Todos os anos a Igreja celebra, no dia 26 de dezembro, a festa de Santo Estêvão, protomártir. Mas o que significa fazer memória desse diácono justamente um dia depois que nasce o Senhor? Que relação guardam entre si o Natal de Jesus e o natal de Estêvão para a vida eterna?

É o que responde São Fulgêncio de Ruspe, bispo do século VI, no sermão do Ofício das Leituras de hoje. Sem a caridade sobrenatural com que Cristo veio inflamar os corações, seria de fato impossível que um ser humano, qualquer um, entregasse a sua vida por Ele, como fez Santo Estêvão, preferindo morrer apedrejado a renegar a sua fé. Sem o auxílio da graça, como rezam os sacerdotes na divina liturgia, "ninguém é forte, ninguém é santo". Aprendemos da memória de hoje, portanto, a ter sempre diante dos olhos o primado da graça divina, que nos vem através da santíssima humanidade do Verbo encarnado.

Muito bonita também é a associação que faz São Fulgêncio entre o testemunho de Estêvão e a conversão de Saulo. "Aonde Estêvão chegou primeiro, martirizado pelas pedras de Paulo", ele diz, "chegou depois Paulo, ajudado pelas orações de Estevão". Trata-se da fé católica na comunhão dos santos, no fato de que Cristo, sendo "único mediador entre Deus e os homens" (1Tm 2, 5), não dispensa a mediação coadjuvante daqueles que santificou.

Dos sermões de São Fulgêncio de Ruspe, bispo
(Sermo 3,1-3.5-6:CCL 91 A, 905-909)

As armas da caridade

Ontem, celebrávamos o nascimento temporal de nosso Rei eterno; hoje celebramos o martírio triunfal do seu soldado.

Ontem o nosso Rei, revestido de nossa carne e saindo da morada de um seio virginal, dignou-se visitar o mundo; hoje o soldado, deixando a tenda de seu corpo, parte vitorioso para o céu.

O nosso Rei, o Altíssimo, veio por nós na humildade, mas não pôde vir de mãos vazias. Trouxe para seus soldados um grande dom, que não apenas os enriqueceu imensamente, mas deu-lhes uma força invencível no combate: trouxe o dom da caridade que leva os homens à comunhão com Deus.

Ao repartir tão liberalmente o que trouxera, nem por isso ficou mais pobre: enriquecendo do modo admirável a pobreza dos seus fiéis, ele conservou a plenitude dos seus tesouros inesgotáveis.
Assim, a caridade que fez Cristo descer do céu à terra, elevou Estevão da terra ao céu. A caridade de que o Rei dera o exemplo logo refulgiu no soldado.

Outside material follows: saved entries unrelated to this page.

lemma admissible_step:
  assumes adm: "admissible A T" and small: "card A < (\<delta> - 1) * k"
  obtains A' T' where "admissible A' T'" and "card A < card A'"
proof -
  have AS: "A \<subseteq> S \<inter> T" and Tn: "T \<subseteq> {1..n}" and det: "determined_by C (T - A) T"
    and count: "card (S \<inter> T) \<le> card A + r * (card A div (\<delta> - 1))"
    using adm unfolding admissible_def by auto
  obtain J where Jn: "J \<subseteq> {1..n}" and card_J: "card J \<le> r + \<delta> - 1"
    and local_code: "min_dist_ge J (restr_code C J) \<delta>" and "S \<inter> J - T \<noteq> {}"
    using admissible_local_group[OF adm small] by blast
  have fin_T: "finite T" and fin_J: "finite J" using Tn Jn by (auto intro: finite_subset)
  have fin_A: "finite A" using AS fin_T finite_subset by blast
  have "card (S \<inter> J - T) \<le> card J" using fin_J by (intro card_mono) auto
  then have "card (S \<inter> J - T) \<le> r + (\<delta> - 1)" using card_J delta_ge_2 by linarith
  then obtain B P where BU: "B \<subseteq> S \<inter> J - T" and PU: "P \<subseteq> S \<inter> J - T - B"
    and erased: "card P + card B \<le> \<delta> - 1" and "0 < card B" and bound: "card A + card B \<le> (\<delta> - 1) * k"
    and count_step: "card A + r * (card A div (\<delta> - 1)) + (card (S \<inter> J - T) - card P)
      \<le> (card A + card B) + r * ((card A + card B) div (\<delta> - 1))"
    using erasure_choice[OF _ \<open>S \<inter> J - T \<noteq> {}\<close> _ _ small] fin_J delta_ge_2 by auto
  have fin_B: "finite B" and fin_P: "finite P" using BU PU fin_J by (auto intro: finite_subset)
  have "B \<inter> T = {}" using BU by blast
  then have card_AB: "card (A \<union> B) = card A + card B"
    using AS fin_A fin_B by (intro card_Un_disjoint) auto
  have "card (S \<inter> (T \<union> (J - P))) = card (S \<inter> T) + (card (S \<inter> J - T) - card P)"
    using PU by (intro card_Int_Un_Diff[OF fin_T fin_J]) blast
  then have count': "card (S \<inter> (T \<union> (J - P))) \<le> card (A \<union> B) + r * (card (A \<union> B) div (\<delta> - 1))"
    using count count_step unfolding card_AB by linarith
  have "card (P \<union> B) < \<delta>" using card_Un_le[of P B] erased delta_ge_2 by linarith
  then have "determined_by C (J - (P \<union> B)) J"
    using local_code fin_P fin_B by (intro min_dist_ge_corrects_erasures) auto
  then have "determined_by C ((T \<union> (J - P)) - (A \<union> B)) (T \<union> (J - P))"
    using det AS \<open>B \<inter> T = {}\<close> by (intro determined_by_extend) auto
  moreover have "A \<union> B \<subseteq> S \<inter> (T \<union> (J - P))" using AS BU PU by blast
  moreover have "T \<union> (J - P) \<subseteq> {1..n}" using Tn Jn by blast
  moreover have "card (A \<union> B) \<le> (\<delta> - 1) * k" using card_AB bound by simp
  ultimately have "admissible (A \<union> B) (T \<union> (J - P))"
    unfolding admissible_def using count' by (intro conjI)
  moreover have "card A < card (A \<union> B)" using card_AB \<open>0 < card B\<close> by simp
  ultimately show thesis by (rule that)
qed

lemma admissible_exists: "\<exists>A T. admissible A T \<and> card A = (\<delta> - 1) * k"
proof -
  have "\<exists>A T. admissible A T \<and> j \<le> card A" if "j \<le> (\<delta> - 1) * k" for j
    using that
  proof (induction j)
    case 0
    then show ?case using admissible_empty by blast
  next
    case (Suc j)
    then obtain A T where adm: "admissible A T" and "j \<le> card A" by auto
    show ?case
    proof (cases "Suc j \<le> card A")
      case False
      then have "card A < (\<delta> - 1) * k" using Suc.prems \<open>j \<le> card A\<close> by simp
      then obtain A' T' where "admissible A' T'" "card A < card A'"
        using admissible_step[OF adm] by blast
      then show ?thesis using \<open>j \<le> card A\<close> by (intro exI[of _ A'] exI[of _ T']) simp
    qed (use adm in blast)
  qed
  then obtain A T where "admissible A T" and "(\<delta> - 1) * k \<le> card A" by blast
  moreover from this have "card A \<le> (\<delta> - 1) * k" unfolding admissible_def by blast
  ultimately show ?thesis by (intro exI conjI) auto
qed

end

theorem mainTheorem2:
  fixes C :: "(nat \<Rightarrow> 'a::{field,finite}) set"
    and n r \<delta> \<Delta> :: nat and S :: "nat set"
  assumes "is_code n C"
    and "r \<ge> 1" and "\<delta> \<ge> 2"
    and "has_locality n C r \<delta>"
    and "S \<subseteq> {1..n}"
    and "\<Delta> > 0" and "\<Delta> \<le> card S"
  shows "\<exists>A T. A \<subseteq> {1..n} \<and> T \<subseteq> {1..n} \<and> A \<subseteq> S \<inter> T \<and>
           card A = (\<delta> - 1) * (\<Delta> div (r + \<delta> - 1)) \<and>
           card (S \<inter> T) \<le> \<Delta> \<and>
           (\<exists>\<psi>. \<forall>c\<in>C. restrict c T = \<psi> (restrict c (T - A)))"
proof -
  define k where "k = \<Delta> div (r + \<delta> - 1)"
  have k_budget: "(r + \<delta> - 1) * k \<le> \<Delta>" unfolding k_def by (rule times_div_less_eq_dividend)
  interpret greedy_erasure n C r \<delta> k S
    using assms(3-5,7) k_budget by unfold_locales simp_all
  obtain A T where adm: "admissible A T" and card_A: "card A = (\<delta> - 1) * k"
    using admissible_exists by blast
  then have AST: "A \<subseteq> S \<inter> T" and Tn: "T \<subseteq> {1..n}" and det: "determined_by C (T - A) T"
    and count: "card (S \<inter> T) \<le> card A + r * (card A div (\<delta> - 1))"
    unfolding admissible_def by auto
  have "card A div (\<delta> - 1) = k" using card_A assms(3) by simp
  then have "card (S \<inter> T) \<le> (r + \<delta> - 1) * k" using count card_A assms(3) by (simp add: algebra_simps)
  then have "card (S \<inter> T) \<le> \<Delta>" using k_budget by linarith
  moreover have "A \<subseteq> {1..n}" using AST Tn by blast
  moreover obtain \<psi> where "\<forall>c\<in>C. restrict c T = \<psi> (restrict c (T - A))"
    using determined_by_imp_restrict_fun[OF det] by blast
  ultimately show ?thesis using AST Tn card_A unfolding k_def by blast
qed

end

Estêvão, para alcançar a coroa que seu nome significa, tinha por arma a caridade e com ela vencia em toda parte. Por amor a Deus não recuou perante a hostilidade dos judeus, por amor ao próximo intercedeu por aqueles que o apedrejavam. Por esta caridade, repreendia os que estavam no erro para que se emendassem, por caridade orava pelos que o apedrejavam para que não fossem punidos.

Fortificado pela caridade, venceu Saulo, enfurecido e cruel, e mereceu ter como companheiro no céu aquele que tivera como perseguidor na terra. Sua santa e incansável caridade queria conquistar pela oração, a quem não pudera converter pelas admoestações.

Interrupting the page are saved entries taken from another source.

lemma fa_const_add: "fa_const (c + d) = fa_const c + fa_const d"
  by (simp add: single_add)

lemma fa_const_1 [simp]: "fa_const 1 = 1"
  by (metis fa_one_def fa_one_eq_1)

lemma fa_const_commute: "(x :: 'g fa) * fa_const c = fa_const c * x"
proof -
  let ?s = "\<Sum>v\<in>Poly_Mapping.keys x. Poly_Mapping.single v (Poly_Mapping.lookup x v)"
  have "?s * fa_const c = fa_const c * ?s"
    by (simp add: sum_distrib_left sum_distrib_right mult_single plus_list_def mult.commute)
  then show ?thesis
    by (simp only: fa_sum_single_lookup)
qed

lemma fa_const_left_commute: "(x :: 'g fa) * (fa_const c * y) = fa_const c * (x * y)"
  by (metis mult.assoc fa_const_commute)

lemma fa_word_append: "fa_word \<phi> (v @ w) = fa_word \<phi> v * fa_word \<phi> w"
  by (induction v) (auto simp: fa_mult_eq_times fa_one_eq_1 mult.assoc)

lemma fa_subst_eq:
  "fa_subst \<phi> f = (\<Sum>v\<in>Poly_Mapping.keys f. fa_const (Poly_Mapping.lookup f v) * fa_word \<phi> v)"
  by (simp add: fa_subst_def fa_smult_eq)

lemma fa_subst_eq_sum:
  assumes "finite S" "Poly_Mapping.keys f \<subseteq> S"
  shows "fa_subst \<phi> f = (\<Sum>v\<in>S. fa_const (Poly_Mapping.lookup f v) * fa_word \<phi> v)"
  unfolding fa_subst_def fa_smult_eq
  by (rule sum.mono_neutral_left) (use assms in \<open>auto simp: in_keys_iff\<close>)

lemma fa_subst_add: "fa_subst \<phi> (x + y) = fa_subst \<phi> x + fa_subst \<phi> y"
proof -
  let ?S = "Poly_Mapping.keys x \<union> Poly_Mapping.keys y"
  have "fa_subst \<phi> (x + y) = (\<Sum>v\<in>?S. fa_const (Poly_Mapping.lookup (x + y) v) * fa_word \<phi> v)"
    by (rule fa_subst_eq_sum) (auto simp: keys_add)
  also have "\<dots> = (\<Sum>v\<in>?S. fa_const (Poly_Mapping.lookup x v) * fa_word \<phi> v)
      + (\<Sum>v\<in>?S. fa_const (Poly_Mapping.lookup y v) * fa_word \<phi> v)"
    by (simp add: lookup_add fa_const_add distrib_right sum.distrib)
  also have "\<dots> = fa_subst \<phi> x + fa_subst \<phi> y"
    by (subst (1 2) fa_subst_eq_sum[where S = ?S]) auto
  finally show ?thesis .
qed

lemma fa_subst_0 [simp]: "fa_subst \<phi> 0 = 0"
  by (simp add: fa_subst_def)

lemma fa_subst_sum: "fa_subst \<phi> (sum f A) = (\<Sum>a\<in>A. fa_subst \<phi> (f a))"
  by (induction A rule: infinite_finite_induct) (auto simp: fa_subst_add)

lemma fa_subst_single: "fa_subst \<phi> (Poly_Mapping.single v c) = fa_const c * fa_word \<phi> v"
  by (subst fa_subst_eq_sum[where S = "{v}"]) (auto simp: lookup_single)

lemma fa_subst_mult: "fa_subst \<phi> (x * y) = fa_subst \<phi> x * fa_subst \<phi> y"
proof -
  have "x * y = (\<Sum>v\<in>Poly_Mapping.keys x. \<Sum>w\<in>Poly_Mapping.keys y.
        Poly_Mapping.single (v @ w) (Poly_Mapping.lookup x v * Poly_Mapping.lookup y w))"
    by (simp only: fa_mult_def flip: fa_mult_eq_times)
  then have "fa_subst \<phi> (x * y) = (\<Sum>v\<in>Poly_Mapping.keys x. \<Sum>w\<in>Poly_Mapping.keys y.
        fa_const (Poly_Mapping.lookup x v * Poly_Mapping.lookup y w) * (fa_word \<phi> v * fa_word \<phi> w))"
    by (simp add: fa_subst_sum fa_subst_single fa_word_append)
  also have "\<dots> = fa_subst \<phi> x * fa_subst \<phi> y"
    unfolding fa_subst_def fa_smult_eq sum_product
    by (intro sum.cong refl) (metis mult.assoc fa_const_left_commute fa_const_mult)
  finally show ?thesis .
qed

lemma fa_subst_const [simp]: "fa_subst \<phi> (fa_const c) = fa_const c"
  by (simp add: fa_subst_single fa_one_eq_1)

lemma fa_subst_1 [simp]: "fa_subst \<phi> 1 = 1"
  using fa_subst_const[of \<phi> 1] by simp

lemma fa_subst_gen [simp]: "fa_subst \<phi> (fa_gen g) = \<phi> g"
  by (simp add: fa_gen_def fa_subst_single fa_mult_eq_times fa_one_eq_1)

lemma fa_subst_diff: "fa_subst \<phi> (x - y) = fa_subst \<phi> x - fa_subst \<phi> y"
  using fa_subst_add[of \<phi> "x - y" y] by (simp add: eq_diff_eq)

lemma fa_subst_fa_subst: "fa_subst \<psi> (fa_subst \<phi> x) = fa_subst (\<lambda>g. fa_subst \<psi> (\<phi> g)) x"
proof -
  have "fa_subst \<psi> (fa_word \<phi> v) = fa_word (\<lambda>g. fa_subst \<psi> (\<phi> g)) v" for v
    by (induction v) (auto simp: fa_subst_mult fa_mult_eq_times fa_one_eq_1)
  then show ?thesis
    by (simp add: fa_subst_eq[of \<phi>] fa_subst_eq[of "\<lambda>g. fa_subst \<psi> (\<phi> g)"] fa_subst_sum
        fa_subst_mult)
qed

lemma fa_subst_cong:
  assumes "fa_on G x" "\<And>g. g \<in> G \<Longrightarrow> \<phi> g = \<psi> g"
  shows "fa_subst \<phi> x = fa_subst \<psi> x"
proof -
  have "fa_word \<phi> v = fa_word \<psi> v" if "set v \<subseteq> G" for v
    using that assms(2) by (induction v) auto
  then show ?thesis
    using assms(1) unfolding fa_subst_def fa_on_def by (intro sum.cong refl) auto
qed

lemma fa_subst_fa_gen: "fa_subst fa_gen x = x"
proof -
  have word: "fa_word fa_gen v = Poly_Mapping.single v 1" for v
    by (induction v) (auto simp: fa_one_def fa_gen_def fa_mult_eq_times mult_single plus_list_def)
  have "fa_subst fa_gen x
      = (\<Sum>v\<in>Poly_Mapping.keys x. fa_const (Poly_Mapping.lookup x v) * Poly_Mapping.single v 1)"
    by (simp add: fa_subst_eq word)
  also have "\<dots> = x"
    by (subst (2) fa_sum_single_lookup[symmetric]) (simp add: mult_single plus_list_def)
  finally show ?thesis .
qed

lemma fa_subst_eq_self:
  "fa_on G x \<Longrightarrow> (\<And>g. g \<in> G \<Longrightarrow> \<phi> g = fa_gen g) \<Longrightarrow> fa_subst \<phi> x = x"
  using fa_subst_cong[of G x \<phi> fa_gen] fa_subst_fa_gen by metis

lemma fa_on_0 [simp]: "fa_on G 0"
  by (simp add: fa_on_def)

lemma fa_on_const [simp]: "fa_on G (fa_const c)"
  by (simp add: fa_on_def)

lemma fa_on_1 [simp]: "fa_on G 1"
  using fa_on_const[of G 1] by simp

lemma fa_on_add: "fa_on G x \<Longrightarrow> fa_on G y \<Longrightarrow> fa_on G (x + y)"
  unfolding fa_on_def using keys_add[of x y] by blast

lemma fa_on_mult: "fa_on G x \<Longrightarrow> fa_on G y \<Longrightarrow> fa_on G (x * y)"
  unfolding fa_on_def using keys_mult[of x y] by (fastforce simp: plus_list_def)

lemma fa_on_diff: "fa_on G x \<Longrightarrow> fa_on G y \<Longrightarrow> fa_on G (x - y)"
  unfolding fa_on_def using keys_add[of x "- y"] by auto

lemma fa_on_sum: "(\<And>a. a \<in> A \<Longrightarrow> fa_on G (f a)) \<Longrightarrow> fa_on G (sum f A)"
  by (induction A rule: infinite_finite_induct) (auto intro: fa_on_add)

lemma fa_on_gen: "g \<in> G \<Longrightarrow> fa_on G (fa_gen g)"
  by (simp add: fa_on_def fa_gen_def)

lemma fa_on_subst:
  assumes "\<forall>g\<in>G. fa_on G' (\<phi> g)" "fa_on G x"
  shows "fa_on G' (fa_subst \<phi> x)"
proof -
  have "fa_on G' (fa_word \<phi> v)" if "set v \<subseteq> G" for v
    using that assms(1) by (induction v) (auto simp: fa_mult_eq_times fa_one_eq_1 intro: fa_on_mult)
  then show ?thesis
    using assms(2) unfolding fa_subst_def fa_smult_eq fa_on_def[of G]
    by (intro fa_on_sum fa_on_mult fa_on_const) auto
qed

lemma fa_ideal_mult_left: "fa_on G c \<Longrightarrow> x \<in> fa_ideal G R \<Longrightarrow> c * x \<in> fa_ideal G R"
  using fa_ideal.lmul[of G c x R] by (simp add: fa_mult_eq_times)

lemma fa_ideal_mult_right: "fa_on G c \<Longrightarrow> x \<in> fa_ideal G R \<Longrightarrow> x * c \<in> fa_ideal G R"
  using fa_ideal.rmul[of G c x R] by (simp add: fa_mult_eq_times)

lemma fa_ideal_const_mult: "x \<in> fa_ideal G R \<Longrightarrow> fa_const c * x \<in> fa_ideal G R"
  by (simp add: fa_ideal_mult_left)

lemma fa_ideal_sum: "(\<And>a. a \<in> A \<Longrightarrow> f a \<in> fa_ideal G R) \<Longrightarrow> sum f A \<in> fa_ideal G R"
  by (induction A rule: infinite_finite_induct) (auto intro: fa_ideal.intros)

lemma fa_subst_fa_ideal:
  assumes "\<forall>g\<in>G. fa_on G' (\<phi> g)" "\<forall>r\<in>R. fa_subst \<phi> r \<in> fa_ideal G' R'"
    and "x \<in> fa_ideal G R"
  shows "fa_subst \<phi> x \<in> fa_ideal G' R'"
  using assms(3)
proof induction
  case (lmul c x)
  then show ?case
    using assms(1) by (auto simp: fa_mult_eq_times fa_subst_mult intro: fa_ideal_mult_left fa_on_subst)
next
  case (rmul c x)
  then show ?case
    using assms(1) by (auto simp: fa_mult_eq_times fa_subst_mult intro: fa_ideal_mult_right fa_on_subst)
qed (use assms(2) in \<open>auto simp: fa_subst_add intro: fa_ideal.intros\<close>)

lemma induces_isoI:
  assumes \<phi>_on: "\<forall>g\<in>G1. fa_on G2 (\<phi> g)" and \<psi>_on: "\<forall>g\<in>G2. fa_on G1 (\<psi> g)"
    and \<psi>_\<phi>: "\<And>g. g \<in> G1 \<Longrightarrow> fa_subst \<psi> (\<phi> g) = fa_gen g"
    and \<phi>_\<psi>: "\<And>g. g \<in> G2 \<Longrightarrow> fa_subst \<phi> (\<psi> g) = fa_gen g"
    and \<phi>_rels: "\<forall>r\<in>R1. fa_subst \<phi> r \<in> fa_ideal G2 R2"
    and \<psi>_rels: "\<forall>r\<in>R2. fa_subst \<psi> r \<in> fa_ideal G1 R1"
  shows "induces_iso G1 R1 G2 R2 \<phi>"
  unfolding induces_iso_def
proof (intro conjI allI impI \<phi>_on)
  fix x
  assume x: "fa_on G1 x"
  then have \<psi>\<phi>x: "fa_subst \<psi> (fa_subst \<phi> x) = x"
    unfolding fa_subst_fa_subst by (rule fa_subst_eq_self) (rule \<psi>_\<phi>)
  show "fa_subst \<phi> x \<in> fa_ideal G2 R2 \<longleftrightarrow> x \<in> fa_ideal G1 R1"
    using fa_subst_fa_ideal[OF \<psi>_on \<psi>_rels, of "fa_subst \<phi> x"]
      fa_subst_fa_ideal[OF \<phi>_on \<phi>_rels, of x] \<psi>\<phi>x by auto
next
  fix y
  assume y: "fa_on G2 y"
  then have "fa_subst \<phi> (fa_subst \<psi> y) = y"
    unfolding fa_subst_fa_subst by (rule fa_subst_eq_self) (rule \<phi>_\<psi>)
  then show "\<exists>x. fa_on G1 x \<and> fa_subst \<phi> x - y \<in> fa_ideal G2 R2"
    using fa_on_subst[OF \<psi>_on y] fa_ideal.zero[of G2 R2] by auto
qed

lemma pseq_monic: "degree (pseq a b m) = m \<and> coeff (pseq a b m) m = 1"
proof (induction a b m rule: pseq.induct)
  case (3 a b m)
  let ?q = "[:- a (Suc m), 1:] * pseq a b (Suc m)"
  let ?r = "smult (b (Suc m)) (pseq a b m)"
  have "pseq a b (Suc m) \<noteq> 0"
    using 3(1) by auto
  then have deg_q: "degree ?q = Suc (Suc m)"
    using 3(1) by (subst degree_mult_eq) auto
  have "coeff ?q (Suc (Suc m)) = 1"
    using 3(1) coeff_mult_degree_sum[of "[:- a (Suc m), 1:]" "pseq a b (Suc m)"] by simp
  moreover have "degree ?r < degree ?q"
    using deg_q 3(2) by (simp add: degree_smult_le le_less_trans)
  moreover have "coeff ?r (Suc (Suc m)) = 0"
    using 3(2) by (simp add: coeff_eq_0)
  ultimately show ?case
    using deg_q degree_add_eq_left[of "- ?r" ?q] by simp
qed auto

lemma pseq_degree [simp]: "degree (pseq a b m) = m"
  using pseq_monic by blast

lemma pseq_lead_coeff [simp]: "coeff (pseq a b m) m = 1"
  using pseq_monic by blast

lemma pseq_shift:
  "[:0, 1:] * pseq a b r = pseq a b (Suc r) + smult (a r) (pseq a b r)
     + smult (b r) (if r = 0 then 0 else pseq a b (r - 1))"
proof (cases r)
  case (Suc m)
  have "[:0, 1:] * pseq a b r = ([:- a r, 1:] + [:a r:]) * pseq a b r"
    by simp
  then show ?thesis
    using Suc by (simp only: distrib_right) simp
qed simp

lemma monic_seq_span:
  fixes B :: "nat \<Rightarrow> 'a::comm_ring_1 poly"
  assumes deg: "\<And>m. degree (B m) = m" and lead: "\<And>m. coeff (B m) m = 1"
    and "degree p \<le> N"
  shows "\<exists>c. p = (\<Sum>m\<le>N. smult (c m) (B m))"
  using \<open>degree p \<le> N\<close>
proof (induction N arbitrary: p)
  case 0
  have "B 0 = 1"
    using degree_0_id[OF deg[of 0]] lead[of 0] by (simp add: one_pCons)
  moreover have "p = [:coeff p 0:]"
    using 0 degree_0_id[of p] by simp
  ultimately have "p = (\<Sum>m\<le>0. smult (coeff p 0) (B m))"
    by simp
  then show ?case
    by (intro exI[of _ "\<lambda>_. coeff p 0"])
next
  case (Suc N)
  let ?p' = "p - smult (coeff p (Suc N)) (B (Suc N))"
  have "degree ?p' \<le> Suc N"
    using Suc.prems degree_smult_le[of "coeff p (Suc N)" "B (Suc N)"] deg[of "Suc N"]
    by (intro degree_diff_le) simp_all
  moreover have "coeff ?p' (Suc N) = 0"
    using lead by simp
  moreover have "degree ?p' \<noteq> Suc N"
    by (metis \<open>coeff ?p' (Suc N) = 0\<close> leading_coeff_0_iff nat.distinct(1) degree_0)
  ultimately have "degree ?p' \<le> N"
    by linarith
  then obtain c where c: "?p' = (\<Sum>m\<le>N. smult (c m) (B m))"
    using Suc.IH by blast
  let ?c = "c(Suc N := coeff p (Suc N))"
  have "p = (\<Sum>m\<le>N. smult (c m) (B m)) + smult (coeff p (Suc N)) (B (Suc N))"
    unfolding c[symmetric] by simp
  also have "(\<Sum>m\<le>N. smult (c m) (B m)) = (\<Sum>m\<le>N. smult (?c m) (B m))"
    by (intro sum.cong) auto
  finally have "p = (\<Sum>m\<le>Suc N. smult (?c m) (B m))"
    by (simp add: sum.atMost_Suc)
  then show ?case
    by (intro exI[of _ ?c])
qed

E agora Paulo se alegra com Estêvão, com Estêvão frui da glória de Cristo, com Estêvão exulta, com Estêvão reina. Aonde Estêvão chegou primeiro, martirizado pelas pedras de Paulo, chegou depois Paulo, ajudado pelas orações de Estevão.

É esta a verdadeira vida, meus irmãos, em que Paulo não se envergonha mais da morte de Estêvão, mas Estevão se alegra pela companhia de Paulo, porque em ambos triunfa a caridade. Em Estêvão, a caridade venceu a crueldade dos perseguidores, em Paulo, cobriu uma multidão de pecados; em ambos, a caridade mereceu a posse do reino dos céus.

A caridade é a fonte e origem de todos os bens, é a mais poderosa defesa, o caminho que conduz ao céu. Quem caminha na caridade não pode errar nem temer. Ela dirige, protege, leva a bom termo.

Portanto, meus irmãos, já que o Cristo nos deu a escada da caridade pela qual todo cristão pode subir ao céu, conservai fielmente a caridade verdadeira, exercitai-a uns para com os outros e, subindo por ela, progredi sempre mais no caminho da perfeição.